Varios son los factores por los que la izquierda ha progresivamente abandonado todo horizonte de transformación radical de la sociedad o, incluso, más modestamente, de verdadera redistribución de la riqueza. Por una parte, las ideas que, en su tradición política y cultural, sustentaban las hipótesis revolucionarias han demostrado con el tiempo su inoperancia: ni el capitalismo ha entrado, implosionando, en una crisis definitiva, ni ha aparecido ningún “sujeto histórico” que lo desafiara y derrotara. Al tratarse, además, de una tradición muy determinista, tales fallos han supuesto mucho más que una derrota táctica. Todo el edificio conceptual se ha derrumbado, privado de las razones que debiera de haberle insuflado  una “historia ” que ahora parecía dirigirse hacia otros lidos.

Por otra parte, a partir de los años sesenta, la sociedad se ha ido reconfigurando: la clase obrera ha menguado, el sector terciario ha crecido exponencialmente y, con ello, también el conjunto de las personas con educación superior. El voto de izquierda ha dejado de ser, en consecuencia, mayoritariamente obrero y ha empezado a ser la expresión de las clases educadas urbanas. Las élites políticas de izquierda se han adaptado a este nuevo contexto – que es, además, de donde han ido proviniendo sus  nuevos miembros.

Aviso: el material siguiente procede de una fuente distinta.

(* Let $d\ge 2$ be an integer with $d\ne 3$, let $w=(-1,1,\dots,1)^\intercal\in\mathbb R^{d+2}$, and let $\mathbf U=\mathbf U_n\cdots\mathbf U_2\mathbf U_1$ be a word with letters in $\{\mathbf R_1,\dots,\mathbf R_{d+2}\}$ (evaluated as a matrix product) such that $\mathbf U_1=\mathbf R_1$ and no two consecutive letters are equal. Then for every $1\le i\le d+2$ such that the letter $\mathbf R_i$ occurs in $\mathbf U$, we have $\sigma_i^w(\mathbf U)\ne 1$.
   Context: Let $\mathbf e\in\mathbb R^{d+2}$ be the all-ones vector, $\mathbf e_i$ the $i$-th standard basis vector and $\mathbf I$ the $(d+2)\times(d+2)$ identity. For $1\le i\le d+2$, $\mathbf R_i=\mathbf I+\frac{2}{d-1}\mathbf e_i\mathbf e^\intercal-\frac{2d}{d-1}\mathbf e_i\mathbf e_i^\intercal$ (equal to $\mathbf I$ except that row $i$ has diagonal entry $-1$ and off-diagonal entries $2/(d-1)$). For a matrix $\mathbf U$, $\sigma_i^w(\mathbf U)=\mathbf e_i^\intercal\mathbf U w$ is the $w$-weighted sum of the $i$-th row. *)

theory Defs
  imports Complex_Main "Jordan_Normal_Form.Matrix"
begin

text \<open>Matrices of size (d+2) x (d+2); the paper's 1-based index i corresponds to
  the 0-based JNF index i - 1.\<close>

definition all_ones :: "nat \<Rightarrow> real vec" where
  "all_ones n = vec n (\<lambda>_. 1)"

definition outer :: "real vec \<Rightarrow> real vec \<Rightarrow> real mat" where
  "outer u v = mat (dim_vec u) (dim_vec v) (\<lambda>(r, c). u $ r * v $ c)"

definition R :: "nat \<Rightarrow> nat \<Rightarrow> real mat" where
  "R d i = 1\<^sub>m (d+2)
     + (2 / (real d - 1)) \<cdot>\<^sub>m outer (unit_vec (d+2) (i-1)) (all_ones (d+2))
     - (2 * real d / (real d - 1)) \<cdot>\<^sub>m outer (unit_vec (d+2) (i-1)) (unit_vec (d+2) (i-1))"

text \<open>Word U = U_n ... U_2 U_1 given by the list [a_1, ..., a_n] of letter indices,
  U_k = R_{a_k}.\<close>
definition word_mat :: "nat \<Rightarrow> nat list \<Rightarrow> real mat" where
  "word_mat d ws = foldl (\<lambda>M i. R d i * M) (1\<^sub>m (d+2)) ws"

definition sigma :: "nat \<Rightarrow> real vec \<Rightarrow> real mat \<Rightarrow> real" where
  "sigma i w U = (U *\<^sub>v w) $ (i-1)"

definition w_vec :: "nat \<Rightarrow> real vec" where
  "w_vec d = vec (d+2) (\<lambda>k. if k = 0 then -1 else 1)"

end

theory Submission
  imports Defs "HOL-Computational_Algebra.Primes"
begin

text \<open>Write \<open>v = U w\<close>, so that \<open>\<sigma>\<^sub>i\<^sup>w(U) = v\<^sub>i\<close>. The letter \<open>R\<^sub>i\<close> replaces \<open>v\<^sub>i\<close> by
  \<open>-v\<^sub>i\<close> plus \<open>c = 2/(d-1)\<close> times the sum of the other entries, and leaves those entries
  alone, so it suffices that each letter writes a value \<open>\<noteq> 1\<close>.
  If \<open>c\<close> has \<open>p\<close>-adic valuation \<open>-e < 0\<close> (for an odd prime \<open>p\<close> dividing \<open>d - 1\<close>, or \<open>p = 2\<close>
  when \<open>d - 1 = 2\<^sup>k\<close> with \<open>k \<ge> 3\<close>), then after the first letter the last entry written has
  valuation exactly \<open>-n < 0\<close> and all others valuation \<open>\<ge> -(n-1)\<close>. Since consecutive letters
  differ, the next letter writes an entry of valuation exactly \<open>-(n+e)\<close>, so the invariant
  persists and no written value is \<open>1\<close>. For \<open>d = 5\<close> the invariant only starts after the
  second letter; for \<open>d = 2\<close> no prime is available and positivity takes over: the entries
  stay \<open>\<ge> 1\<close> and the last one written is a strict maximum.\<close>

definition refl_coef :: "nat \<Rightarrow> real" where
  "refl_coef d = 2 / (real d - 1)"

definition refl_update :: "nat \<Rightarrow> nat \<Rightarrow> (nat \<Rightarrow> real) \<Rightarrow> nat \<Rightarrow> real" where
  "refl_update d i f = f(i := - f i + refl_coef d * (\<Sum>k\<in>{..<d+2} - {i}. f k))"

lemma refl_update_same: "refl_update d i f i = - f i + refl_coef d * (\<Sum>k\<in>{..<d+2} - {i}. f k)"
  by (simp add: refl_update_def)

lemma refl_update_other: "k \<noteq> i \<Longrightarrow> refl_update d i f k = f k"
  by (simp add: refl_update_def)

lemma R_carrier: "R d a \<in> carrier_mat (d+2) (d+2)"
  unfolding R_def outer_def by auto

lemma R_index:
  assumes "r < d+2" "k < d+2"
  shows "R d a $$ (r, k) = (if r = k then 1 else 0)
    + (if r = a - 1 then refl_coef d - (if k = a - 1 then 2 * real d / (real d - 1) else 0) else 0)"
  using assms by (simp add: R_def outer_def all_ones_def unit_vec_def refl_coef_def)

lemma R_mult_vec:
  assumes "d \<noteq> 1" "v \<in> carrier_vec (d+2)"
  shows "R d a *\<^sub>v v = vec (d+2) (refl_update d (a - 1) (($) v))"
proof (rule eq_vecI)
  fix r assume "r < dim_vec (vec (d+2) (refl_update d (a - 1) (($) v)))"
  then have r: "r < d+2" by simp
  let ?i = "a - 1"
  have "(R d a *\<^sub>v v) $ r = (\<Sum>k<d+2. R d a $$ (r, k) * v $ k)"
    using R_carrier[of d a] r assms(2) by (simp add: scalar_prod_def atLeast0LessThan)
  also have "\<dots> = refl_update d ?i (($) v) r"
  proof (cases "r = ?i")
    case True
    have "2 * real d / (real d - 1) = 2 + refl_coef d"
      using assms(1) by (simp add: refl_coef_def field_simps)
    then have "(\<Sum>k<d+2. R d a $$ (r, k) * v $ k)
        = (\<Sum>k<d+2. refl_coef d * v $ k + (if k = ?i then (- 1 - refl_coef d) * v $ k else 0))"
      using r True by (intro sum.cong) (auto simp: R_index algebra_simps)
    also have "\<dots> = refl_coef d * (\<Sum>k<d+2. v $ k) - (1 + refl_coef d) * v $ ?i"
      using r True by (simp add: sum.distrib sum_distrib_left algebra_simps del: sum.lessThan_Suc)
    also have "(\<Sum>k<d+2. v $ k) = v $ ?i + (\<Sum>k\<in>{..<d+2} - {?i}. v $ k)"
      using r True by (simp add: sum.remove del: sum.lessThan_Suc)
    finally show ?thesis
      using True by (simp add: refl_update_same algebra_simps)
  next
    case False
    then have "(\<Sum>k<d+2. R d a $$ (r, k) * v $ k) = (\<Sum>k<d+2. if k = r then v $ k else 0)"
      using r by (intro sum.cong) (auto simp: R_index)
    then show ?thesis
      using r False by (simp add: refl_update_other)
  qed
  finally show "(R d a *\<^sub>v v) $ r = vec (d+2) (refl_update d ?i (($) v)) $ r"
    using r by simp
qed (simp add: R_carrier[THEN carrier_matD(1)])

definition weighted_row_sums :: "nat \<Rightarrow> nat list \<Rightarrow> nat \<Rightarrow> real" where
  "weighted_row_sums d ws = foldl (\<lambda>f a. refl_update d (a - 1) f) (\<lambda>k. if k = 0 then -1 else 1) ws"

lemma weighted_row_sums_snoc:
  "weighted_row_sums d (ws @ [a]) = refl_update d (a - 1) (weighted_row_sums d ws)"
  by (simp add: weighted_row_sums_def)

lemma refl_update_vec:
  "k < d+2 \<Longrightarrow> refl_update d i (($) (vec (d+2) f)) k = refl_update d i f k"
  unfolding refl_update_def by (auto intro!: sum.cong)

lemma word_mat_snoc: "word_mat d (ws @ [a]) = R d a * word_mat d ws"
  by (simp add: word_mat_def)

lemma word_mat_mult_w_vec:
  assumes "d \<noteq> 1"
  shows "word_mat d ws \<in> carrier_mat (d+2) (d+2) \<and>
    word_mat d ws *\<^sub>v w_vec d = vec (d+2) (weighted_row_sums d ws)"
proof (induction ws rule: rev_induct)
  case Nil
  show ?case by (auto simp: word_mat_def weighted_row_sums_def w_vec_def)
next
  case (snoc a ws)
  then have W: "word_mat d ws \<in> carrier_mat (d+2) (d+2)" by simp
  have "word_mat d (ws @ [a]) *\<^sub>v w_vec d = R d a *\<^sub>v (word_mat d ws *\<^sub>v w_vec d)"
    unfolding word_mat_snoc by (rule assoc_mult_mat_vec[OF R_carrier W]) (simp add: w_vec_def)
  also have "\<dots> = vec (d+2) (refl_update d (a - 1) (($) (vec (d+2) (weighted_row_sums d ws))))"
    using snoc assms by (simp add: R_mult_vec)
  also have "\<dots> = vec (d+2) (weighted_row_sums d (ws @ [a]))"
    using refl_update_vec[of _ d "a - 1" "weighted_row_sums d ws"]
    by (intro eq_vecI) (auto simp: weighted_row_sums_snoc)
  finally show ?case
    using W R_carrier[of d a] by (simp add: word_mat_snoc)
qed

lemma sigma_eq_weighted_row_sums:
  "d \<noteq> 1 \<Longrightarrow> i \<le> d + 2 \<Longrightarrow> sigma i (w_vec d) (word_mat d ws) = weighted_row_sums d ws (i - 1)"
  using word_mat_mult_w_vec[of d ws] by (simp add: sigma_def)

definition padic_val_ge_neg :: "int \<Rightarrow> nat \<Rightarrow> real \<Rightarrow> bool" where
  "padic_val_ge_neg p n x \<longleftrightarrow> (\<exists>y u. \<not> p dvd u \<and> x = of_int y / (of_int u * of_int p ^ n))"

definition padic_val_eq_neg :: "int \<Rightarrow> nat \<Rightarrow> real \<Rightarrow> bool" where
  "padic_val_eq_neg p n x \<longleftrightarrow>
     (\<exists>y u. \<not> p dvd y \<and> \<not> p dvd u \<and> x = of_int y / (of_int u * of_int p ^ n))"

lemma padic_val_eq_neg_imp_ge: "padic_val_eq_neg p n x \<Longrightarrow> padic_val_ge_neg p n x"
  unfolding padic_val_eq_neg_def padic_val_ge_neg_def by blast

lemma padic_val_ge_neg_of_int:
  assumes "prime p"
  shows "padic_val_ge_neg p n (of_int y)"
proof -
  have "of_int y = of_int (y * p ^ n) / (of_int 1 * of_int p ^ n :: real)"
    using assms by (simp add: prime_gt_0_int)
  then show ?thesis
    using assms unfolding padic_val_ge_neg_def by (metis not_prime_unit)
qed

lemma padic_val_ge_neg_mono:
  assumes "padic_val_ge_neg p m x" "m \<le> n" "p \<noteq> 0"
  shows "padic_val_ge_neg p n x"
proof -
  obtain y u where yu: "\<not> p dvd u" "x = of_int y / (of_int u * of_int p ^ m)"
    using assms(1) unfolding padic_val_ge_neg_def by blast
  have "(of_int p :: real) ^ n = of_int p ^ m * of_int p ^ (n - m)"
    using assms(2) by (simp flip: power_add)
  moreover have "u \<noteq> 0"
    using yu(1) by auto
  ultimately have "x = of_int (y * p ^ (n - m)) / (of_int u * of_int p ^ n)"
    using yu(2) assms(3) by (simp add: field_simps)
  then show ?thesis
    using yu(1) unfolding padic_val_ge_neg_def by blast
qed

lemma padic_val_ge_neg_uminus: "padic_val_ge_neg p n x \<Longrightarrow> padic_val_ge_neg p n (- x)"
  unfolding padic_val_ge_neg_def by (metis minus_divide_left of_int_minus)

lemma padic_val_ge_neg_add:
  assumes "prime p" "padic_val_ge_neg p n x" "padic_val_ge_neg p n x'"
  shows "padic_val_ge_neg p n (x + x')"
proof -
  obtain y u where 1: "\<not> p dvd u" "x = of_int y / (of_int u * of_int p ^ n)"
    using assms(2) unfolding padic_val_ge_neg_def by blast
  obtain y' u' where 2: "\<not> p dvd u'" "x' = of_int y' / (of_int u' * of_int p ^ n)"
    using assms(3) unfolding padic_val_ge_neg_def by blast
  have "u \<noteq> 0" "u' \<noteq> 0" "p \<noteq> 0"
    using 1 2 assms(1) by auto
  then have "x + x' = of_int (y * u' + y' * u) / (of_int (u * u') * of_int p ^ n)"
    using 1 2 by (simp add: field_simps)
  moreover have "\<not> p dvd u * u'"
    using 1 2 assms(1) prime_dvd_mult_iff by blast
  ultimately show ?thesis
    unfolding padic_val_ge_neg_def by blast
qed

lemma padic_val_ge_neg_sum:
  assumes "prime p" "\<And>k. k \<in> A \<Longrightarrow> padic_val_ge_neg p n (f k)"
  shows "padic_val_ge_neg p n (\<Sum>k\<in>A. f k)"
  using assms(2)
proof (induction A rule: infinite_finite_induct)
  case (infinite A)
  then show ?case using padic_val_ge_neg_of_int[OF assms(1), of n 0] by simp
next
  case empty
  then show ?case using padic_val_ge_neg_of_int[OF assms(1), of n 0] by simp
next
  case (insert x F)
  then show ?case by (simp add: padic_val_ge_neg_add assms(1))
qed

lemma padic_val_eq_neg_add:
  assumes "prime p" "n \<ge> 1" "padic_val_eq_neg p n x" "padic_val_ge_neg p (n - 1) x'"
  shows "padic_val_eq_neg p n (x + x')"
proof -
  obtain y u where 1: "\<not> p dvd y" "\<not> p dvd u" "x = of_int y / (of_int u * of_int p ^ n)"
    using assms(3) unfolding padic_val_eq_neg_def by blast
  obtain y' u' where 2: "\<not> p dvd u'" "x' = of_int y' / (of_int u' * of_int p ^ (n - 1))"
    using assms(4) unfolding padic_val_ge_neg_def by blast
  have "u \<noteq> 0" "u' \<noteq> 0" "p \<noteq> 0"
    using 1 2 assms(1) by auto
  moreover have "(of_int p :: real) ^ n = of_int p * of_int p ^ (n - 1)"
    using assms(2) by (simp flip: power_Suc)
  ultimately have x: "x + x' = of_int (y * u' + y' * u * p) / (of_int (u * u') * of_int p ^ n)"
    unfolding 1(3) 2(2) by (simp add: field_simps)
  have "\<not> p dvd u * u'" "\<not> p dvd y * u'"
    using 1 2 assms(1) prime_dvd_mult_iff by blast+
  then have "\<not> p dvd y * u' + y' * u * p"
    by (simp add: dvd_add_left_iff)
  with x \<open>\<not> p dvd u * u'\<close> show ?thesis
    unfolding padic_val_eq_neg_def by blast
qed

De hecho, las clases educadas urbanas son las herederas de una parte importante de las anteriores clases medias. Donde antes había estudios de contabilidad o de peritaje, ahora hay carreras universitarias de empresariales o de ingeniería. Hasta los años sesenta del siglo pasado, la clase media identificaba estabilidad material y cierto tradicionalismo cultural. Un sentir que la llevaba a votar por los varios avatares de la democracia cristiana europea y también por los partidos socialdemócratas – sin que hubiera grandes diferencias en sus programas. Las tensiones propias de la Guerra Fría y la presencia de partidos comunistas importantes en países como Italia o Francia, atemperaban, en general, las políticas dictadas por los intereses del capital.

El cambio cultural que supuso el advenimiento de la sociedad de consumo y la consiguiente revolución antropológica, llevó las clases medias, ahora ilustradas, a identificarse con ideales más progresistas en cuanto a los derechos civiles – feminismo, derechos LGTBIQ+, antirracismo – que, sin embargo, eran entendidos como la coronación de aquel “sé tú mismo” autocentrado y sometido al mandato a gozar propio del consumo. El tradicional deseo de estabilidad económica y el miedo atávico a perder el estatus de “medianía” para acabar en los bajos de la escala social, no obstante, seguía allí. El fin de la Guerra Fría y la imposibilidad de reinventarse de los partidos comunistas, hicieron perder toda razón de renovar ese implícito pacto entre clases bajas y clases medias, propio de las políticas democristianas y socialdemócratas de la postguerra mundial. Los partidos comunistas desaparecieron y los partidos socialdemócratas abandonaron a las clases bajas aceptando y promoviendo una mengua generalizada del estado del bienestar. Obreros y trabajadores de rentas bajas acabaron así a la intemperie. En el momento actual, la izquierda política representa los intereses de una clase media cuya cultura ha cambiado pero cuyos objetivos materiales permanecen relativamente estables.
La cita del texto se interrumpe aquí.